To ensure these aging effects were not an artifact of age-related changes in aperiodic neural activity (Thuwal et al., 2021), we used the FOOOF toolbox (Donoghue et al., 2020) to model both the aperiodic and periodic (i.e., aperiodic corrected) components using the time series of each sensorimotor strip. We then reran these analyzes using the periodic beta power and the results were virtually identical. This suggests that the age-related changes reported above are robust to any possible age-related alterations in the aperiodic signal.

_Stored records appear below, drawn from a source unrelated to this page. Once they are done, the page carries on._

(* Let $p=0$, $\alpha\in[0,1]$, $0\le h_1<\dots<h_N\le1$, and nonnegative weights $f_0^S(h_j),f_0^{NS}(h_j)$, $j=1,\dots,N$, each summing to $1$; set $f_0(h_j)=\alpha f_0^S(h_j)+(1-\alpha)f_0^{NS}(h_j)$ and assume $f_0(h_N)>0$; write $f_0([h_i,1])=\sum_{j\ge i}f_0(h_j)$, $f_0^S([h_i,1])=\sum_{j\ge i}f_0^S(h_j)$, $f_0^{NS}([h_i,1])=\sum_{j\ge i}f_0^{NS}(h_j)$. Let $m_0^{S,j}\in[-1,1]$ be given. Let $f^{NS,1},\dots,f^{NS,N}\in C([0,+\infty),P([-1,1]))$ (weak topology) with initial data $f_0^{NS,i}$, write $m^{NS,j}(t)=\int_{-1}^1w\,f^{NS,j}(t,dw)$, $$\beta_i(t)=\alpha\sum_{j\ge i}f_0^S(h_j)m_0^{S,j}+(1-\alpha)\sum_{j\ge i}f_0^{NS}(h_j)m^{NS,j}(t),$$ and assume that for all $i$, $t\ge0$ and $\phi\in C^1([-1,1])$, $$\int\phi\,df^{NS,i}(t)=\int\phi\,df_0^{NS,i}+\int_0^t\!\!\int_{-1}^1\phi'(w)\big(\beta_i(s)-f_0([h_i,1])w\big)f^{NS,i}(s,dw)\,ds.$$ Define $$m_\infty^{NS,N}=\begin{cases}\int_{-1}^1w\,f_0^{NS,N}(dw)&\text{if }\alpha f_0^S(h_N)=0,\\ m_0^{S,N}&\text{if }\alpha f_0^S(h_N)>0,\end{cases}$$ and recursively for $i=N-1,\dots,1$, $$m_\infty^{NS,i}=\frac{(1-\alpha)\sum_{j\ge i+1}f_0^{NS}(h_j)m_\infty^{NS,j}+\alpha\sum_{j\ge i}f_0^S(h_j)m_0^{S,j}}{\alpha f_0^S([h_i,1])+(1-\alpha)f_0^{NS}([h_{i+1},1])}.$$ Then $f^{NS,i}(t)\to\delta_{m_\infty^{NS,i}}$ weakly as $t\to+\infty$ for every $i=1,\dots,N$. In particular, if $\alpha f_0^S(h_i)=0$ for all $i=1,\dots,N-1$ (no stubborn individuals at levels $h_1,\dots,h_{N-1}$), then $m_\infty^{NS,i}=m_\infty^{NS,N}$ for $i=1,\dots,N-1$.
   Context: $P([-1,1])$ is the set of Borel probability measures on $[-1,1]$; $\delta_x$ is the Dirac mass at $x$. Interpretation: $f^{NS,i}(t)$ is the opinion distribution of non-stubborn individuals at hierarchy level $h_i$, $\alpha f_0^S(h_j)$ (resp. $(1-\alpha)f_0^{NS}(h_j)$) the proportion of stubborn (resp. non-stubborn) individuals at level $h_j$, $m_0^{S,j}$ the mean opinion of stubborn individuals at level $h_j$. The case $p=0$ means hierarchy is strictly respected. *)

theory Defs
  imports "HOL-Probability.Probability"
begin

text \<open>Parameters: N, alpha, the weights
  fS j = f_0^S(h_j), fNS j = f_0^NS(h_j), the stubborn means mS j = m_0^{S,j},
  and mN0 = the mean of the initial non-stubborn distribution at level N.\<close>

function minf_NS :: "nat \<Rightarrow> real \<Rightarrow> (nat \<Rightarrow> real) \<Rightarrow> (nat \<Rightarrow> real) \<Rightarrow> (nat \<Rightarrow> real)
    \<Rightarrow> real \<Rightarrow> nat \<Rightarrow> real" where
  "minf_NS N \<alpha> fS fNS mS mN0 i =
     (if N \<le> i then (if \<alpha> * fS N = 0 then mN0 else mS N)
      else ((1 - \<alpha>) * (\<Sum>j\<in>{i+1..N}. fNS j * minf_NS N \<alpha> fS fNS mS mN0 j)
              + \<alpha> * (\<Sum>j\<in>{i..N}. fS j * mS j))
           / (\<alpha> * (\<Sum>j\<in>{i..N}. fS j) + (1 - \<alpha>) * (\<Sum>j\<in>{i+1..N}. fNS j)))"
  by pat_completeness auto
termination
  by (relation "Wellfounded.measure (\<lambda>(N, \<alpha>, fS, fNS, mS, mN0, i). N - i)") auto

end

theory Submission
  imports Defs "HOL-Real_Asymp.Real_Asymp"
begin

(* Testing the equation with w shows that the mean m_i of level i solves a linear equation
   m_i' = g_i - c_i m_i, where c_i = alpha f_0^S([h_i,1]) + (1 - alpha) f_0^NS([h_(i+1),1]) and
   g_i only involves the stubborn means and the means of the levels above i: the
   self-interaction of level i cancels.  Solutions of y' = g - c y with c > 0 and g -> c L
   converge to L, so backward induction from the top level gives m_i -> m_inf^(NS,i) (at the
   top level without stubborn individuals c_N = 0 and m_N stays constant).  Testing with
   (w - L)^2 for L = m_inf^(NS,i) gives an equation of the same form for the variance around L,
   with a forcing term tending to 0; so the variance vanishes, and a probability measure on
   [-1,1] with small variance around L integrates every continuous function close to its
   value at L. *)

section \<open>Linear relaxation equations\<close>

lemma linear_ode_comparison:
  fixes y g :: "real \<Rightarrow> real"
  assumes deriv: "\<And>s. s \<ge> T \<Longrightarrow> (y has_real_derivative g s - c * y s) (at s)"
    and source_le: "\<And>s. s \<ge> T \<Longrightarrow> g s \<le> c * K"
    and "T \<le> t"
  shows "y t - K \<le> exp (- c * (t - T)) * (y T - K)"
proof -
  define z where "z s = exp (c * s) * (y s - K)" for s
  have "z t \<le> z T"
  proof (rule DERIV_nonpos_imp_nonincreasing[OF \<open>T \<le> t\<close>])
    fix s assume "T \<le> s" "s \<le> t"
    have "(z has_real_derivative exp (c * s) * (g s - c * K)) (at s)"
      unfolding z_def
      by (rule derivative_eq_intros refl deriv[OF \<open>T \<le> s\<close>])+ (simp add: algebra_simps)
    moreover have "exp (c * s) * (g s - c * K) \<le> 0"
      using source_le[OF \<open>T \<le> s\<close>] by (simp add: mult_nonneg_nonpos)
    ultimately show "\<exists>d. (z has_real_derivative d) (at s) \<and> d \<le> 0" by blast
  qed
  then have "exp (- c * t) * z t \<le> exp (- c * t) * z T"
    by (rule mult_left_mono) simp
  moreover have "exp (- c * t) * z t = y t - K"
    by (simp add: z_def mult.assoc[symmetric] exp_add[symmetric])
  moreover have "exp (- c * t) * z T = exp (- c * (t - T)) * (y T - K)"
    by (simp add: z_def mult.assoc[symmetric] exp_add[symmetric] right_diff_distrib)
  ultimately show ?thesis by linarith
qed

lemma eventually_linear_ode_less:
  fixes y g :: "real \<Rightarrow> real"
  assumes "c > 0" and deriv: "\<forall>\<^sub>F t in at_top. (y has_real_derivative g t - c * y t) (at t)"
    and "(g \<longlongrightarrow> c * L) at_top" and "L < a"
  shows "\<forall>\<^sub>F t in at_top. y t < a"
proof -
  define K where "K = (L + a) / 2"
  have "c * L < c * K" using \<open>c > 0\<close> \<open>L < a\<close> by (simp add: K_def)
  with \<open>(g \<longlongrightarrow> c * L) at_top\<close> have "\<forall>\<^sub>F t in at_top. g t < c * K"
    by (rule order_tendstoD)
  with deriv have "\<forall>\<^sub>F s in at_top. (y has_real_derivative g s - c * y s) (at s) \<and> g s < c * K"
    by (rule eventually_conj)
  then obtain T where T: "\<And>s. s \<ge> T \<Longrightarrow>
      (y has_real_derivative g s - c * y s) (at s) \<and> g s < c * K"
    by (auto simp: eventually_at_top_linorder)
  have "((\<lambda>t. exp (- c * (t - T)) * (y T - K)) \<longlongrightarrow> 0) at_top"
    using \<open>c > 0\<close> by real_asymp
  then have "\<forall>\<^sub>F t in at_top. exp (- c * (t - T)) * (y T - K) < a - K"
    by (rule order_tendstoD) (simp add: K_def \<open>L < a\<close>)
  then show ?thesis
    using eventually_ge_at_top[of T]
  proof eventually_elim
    case (elim t)
    have "y t - K \<le> exp (- c * (t - T)) * (y T - K)"
      by (rule linear_ode_comparison[OF _ _ elim(2)]) (use T in \<open>auto intro: less_imp_le\<close>)
    with elim(1) show ?case by linarith
  qed
qed

lemma tendsto_linear_ode:
  fixes y g :: "real \<Rightarrow> real"
  assumes "c > 0" and deriv: "\<forall>\<^sub>F t in at_top. (y has_real_derivative g t - c * y t) (at t)"
    and "(g \<longlongrightarrow> c * L) at_top"
  shows "(y \<longlongrightarrow> L) at_top"
proof (rule order_tendstoI)
  fix a assume "L < a"
  with assms show "\<forall>\<^sub>F t in at_top. y t < a" by (rule eventually_linear_ode_less)
next
  fix a assume "a < L"
  have "\<forall>\<^sub>F t in at_top. ((\<lambda>t. - y t) has_real_derivative - g t - c * - y t) (at t)"
    using deriv by eventually_elim (auto intro!: derivative_eq_intros)
  moreover have "((\<lambda>t. - g t) \<longlongrightarrow> c * - L) at_top"
    using tendsto_minus[OF \<open>(g \<longlongrightarrow> c * L) at_top\<close>] by simp
  ultimately have "\<forall>\<^sub>F t in at_top. - y t < - a"
    using \<open>c > 0\<close> \<open>a < L\<close> by (intro eventually_linear_ode_less[where L = "- L"]) auto
  then show "\<forall>\<^sub>F t in at_top. a < y t" by simp
qed

lemma has_real_derivative_of_integral_eq:
  fixes y G :: "real \<Rightarrow> real"
  assumes G: "continuous_on {a..} G" and y: "\<And>t. a \<le> t \<Longrightarrow> y t = y a + integral {a..t} G"
    and "a < t"
  shows "(y has_real_derivative G t) (at t)"
proof -
  have "((\<lambda>x. integral {a..x} G) has_real_derivative G t) (at t within {a..t + 1})"
    using \<open>a < t\<close> by (intro integral_has_real_derivative continuous_on_subset[OF G]) auto
  then have "((\<lambda>x. integral {a..x} G) has_real_derivative G t) (at t)"
    using \<open>a < t\<close> by (simp add: at_within_Icc_at)
  then have "((\<lambda>x. y a + integral {a..x} G) has_real_derivative G t) (at t)"
    using DERIV_add[OF DERIV_const] by fastforce
  then show ?thesis
  proof (rule has_field_derivative_transform_within_open[where S = "{a<..}"])
    show "y a + integral {a..x} G = y x" if "x \<in> {a<..}" for x
      using y[of x] that by simp
  qed (use \<open>a < t\<close> in auto)
qed

section \<open>Probability measures concentrated on a compact set\<close>

definition borel_prob_on :: "'a::topological_space set \<Rightarrow> 'a measure \<Rightarrow> bool" where
  "borel_prob_on K M \<longleftrightarrow> prob_space M \<and> sets M = sets borel \<and> emeasure M K = 1"

lemma borel_prob_on_AE_mem:
  assumes "borel_prob_on K M"
  shows "AE x in M. x \<in> K"
proof -
  interpret prob_space M using assms by (simp add: borel_prob_on_def)
  have "prob K = 1" using assms by (simp add: borel_prob_on_def measure_def)
  then show ?thesis by (rule AE_prob_1)
qed

lemma borel_prob_on_integrable_continuous:
  fixes \<phi> :: "'a::topological_space \<Rightarrow> real"
  assumes "borel_prob_on K M" "compact K" "continuous_on UNIV \<phi>"
  shows "integrable M \<phi>"
proof -
  interpret prob_space M using assms by (simp add: borel_prob_on_def)
  obtain B where B: "\<And>x. x \<in> K \<Longrightarrow> \<bar>\<phi> x\<bar> \<le> B"
    using compact_imp_bounded[OF compact_continuous_image[OF
        continuous_on_subset[OF assms(3) subset_UNIV] assms(2)]]
    by (auto simp: bounded_iff)
  have "sets M = sets borel" using assms(1) by (simp add: borel_prob_on_def)
  then have "\<phi> \<in> borel_measurable M"
    using borel_measurable_continuous_onI[OF assms(3)] by (simp cong: measurable_cong_sets)
  moreover have "AE x in M. norm (\<phi> x) \<le> B"
    using borel_prob_on_AE_mem[OF assms(1)] by eventually_elim (simp add: B)
  ultimately show ?thesis by (rule integrable_const_bound[rotated])
qed

lemma continuous_quadratic_majorant:
  fixes \<phi> :: "real \<Rightarrow> real"
  assumes "continuous_on UNIV \<phi>" "compact K" "e > 0"
  obtains C where "C \<ge> 0" "\<And>w. w \<in> K \<Longrightarrow> \<bar>\<phi> w - \<phi> L\<bar> \<le> e + C * (w - L)\<^sup>2"
proof -
  have "\<forall>e>0. \<exists>d>0. \<forall>w. dist w L < d \<longrightarrow> dist (\<phi> w) (\<phi> L) < e"
    using assms(1) by (simp add: continuous_on_iff)
  then obtain d where "d > 0" and d: "\<And>w. \<bar>w - L\<bar> < d \<Longrightarrow> \<bar>\<phi> w - \<phi> L\<bar> < e"
    using \<open>e > 0\<close> unfolding dist_real_def by blast
  obtain B where B: "\<And>w. w \<in> K \<Longrightarrow> \<bar>\<phi> w\<bar> \<le> B"
    using compact_imp_bounded[OF compact_continuous_image[OF
        continuous_on_subset[OF assms(1) subset_UNIV] assms(2)]]
    by (auto simp: bounded_iff)
  define C where "C = (\<bar>B\<bar> + \<bar>\<phi> L\<bar>) / d\<^sup>2"
  have "C \<ge> 0" by (simp add: C_def)
  moreover have "\<bar>\<phi> w - \<phi> L\<bar> \<le> e + C * (w - L)\<^sup>2" if "w \<in> K" for w
  proof (cases "\<bar>w - L\<bar> < d")
    case True
    moreover have "0 \<le> C * (w - L)\<^sup>2" using \<open>C \<ge> 0\<close> by simp
    ultimately show ?thesis using d[of w] by linarith
  next
    case False
    then have "d\<^sup>2 \<le> \<bar>w - L\<bar>\<^sup>2"
      using \<open>d > 0\<close> by (intro power_mono) auto
    then have "d\<^sup>2 \<le> (w - L)\<^sup>2" by simp
    have "\<bar>B\<bar> + \<bar>\<phi> L\<bar> = C * d\<^sup>2"
      using \<open>d > 0\<close> by (simp add: C_def)
    also have "\<dots> \<le> C * (w - L)\<^sup>2"
      using \<open>d\<^sup>2 \<le> (w - L)\<^sup>2\<close> \<open>C \<ge> 0\<close> by (rule mult_left_mono)
    finally show ?thesis using B[OF that] \<open>e > 0\<close> by linarith
  qed
  ultimately show ?thesis by (rule that)
qed

lemma tendsto_integral_of_second_moment_tendsto_0:
  fixes \<phi> :: "real \<Rightarrow> real" and M :: "'i \<Rightarrow> real measure"
  assumes prob: "\<forall>\<^sub>F t in F. borel_prob_on K (M t)" and "compact K" "continuous_on UNIV \<phi>"
    and second_moment: "((\<lambda>t. \<integral>w. (w - L)\<^sup>2 \<partial>M t) \<longlongrightarrow> 0) F"
  shows "((\<lambda>t. \<integral>w. \<phi> w \<partial>M t) \<longlongrightarrow> \<phi> L) F"
proof (rule tendstoI)
  fix e :: real assume "e > 0"
  then obtain C where "C \<ge> 0" and C: "\<And>w. w \<in> K \<Longrightarrow> \<bar>\<phi> w - \<phi> L\<bar> \<le> e / 2 + C * (w - L)\<^sup>2"
    using continuous_quadratic_majorant[OF assms(3,2), of "e / 2"] by auto
  have "((\<lambda>t. C * (\<integral>w. (w - L)\<^sup>2 \<partial>M t)) \<longlongrightarrow> C * 0) F"
    by (intro tendsto_mult_left second_moment)
  then have "\<forall>\<^sub>F t in F. C * (\<integral>w. (w - L)\<^sup>2 \<partial>M t) < e / 2"
    by (rule order_tendstoD) (simp add: \<open>e > 0\<close>)
  with prob show "\<forall>\<^sub>F t in F. dist (\<integral>w. \<phi> w \<partial>M t) (\<phi> L) < e"
  proof eventually_elim
    case (elim t)
    interpret prob_space "M t" using elim(1) by (simp add: borel_prob_on_def)
    have int: "integrable (M t) \<psi>" if "continuous_on UNIV \<psi>" for \<psi> :: "real \<Rightarrow> real"
      using elim(1) \<open>compact K\<close> that by (rule borel_prob_on_integrable_continuous)
    have "\<bar>(\<integral>w. \<phi> w \<partial>M t) - \<phi> L\<bar> = \<bar>\<integral>w. \<phi> w - \<phi> L \<partial>M t\<bar>"
      using int[OF \<open>continuous_on UNIV \<phi>\<close>] by (simp add: prob_space)
    also have "\<dots> \<le> (\<integral>w. \<bar>\<phi> w - \<phi> L\<bar> \<partial>M t)"
      by (rule integral_abs_bound)
    also have "\<dots> \<le> (\<integral>w. e / 2 + C * (w - L)\<^sup>2 \<partial>M t)"
      using borel_prob_on_AE_mem[OF elim(1)]
      by (intro integral_mono_AE int continuous_intros assms(3)) (auto elim: eventually_mono intro: C)
    also have "\<dots> = e / 2 + C * (\<integral>w. (w - L)\<^sup>2 \<partial>M t)"
      using int[of "\<lambda>w. (w - L)\<^sup>2"] by (simp add: prob_space continuous_intros)
    finally show ?case using elim(2) by (simp add: dist_real_def)
  qed
qed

3.2. Cortical thickness does not relate to beta power

Average cortical thickness values across all participants are presented in Fig. 3. The strongest age effects were centered over the pre- and postcentral gyri, so cortical thickness and beta power values were extracted from these regions using the DK atlas (Desikan et al., 2006). We then averaged the spontaneous beta power and cortical thickness values across these regions to create a “sensorimotor” value for each metric and these were used in all subsequent analyses. Of note, all analyses were also reran using the peak spontaneous beta power value and the findings were identical. Correlations between age, motor function, cortical thickness, and spontaneous beta power values are presented in Table 1. In contrast to spontaneous beta power (see above), both motor function (r = −.55, p < .001) and sensorimotor cortical thickness (Right: r = −.57, p < .001; Left: r = −0.58, p < .001) were negatively correlated with age (Fig. 4). Follow-up partial correlation analysis showed that, when controlling for age, there was not a significant correlation between sensorimotor cortical thickness and spontaneous beta power.

Fig. 3.

Fig. 3.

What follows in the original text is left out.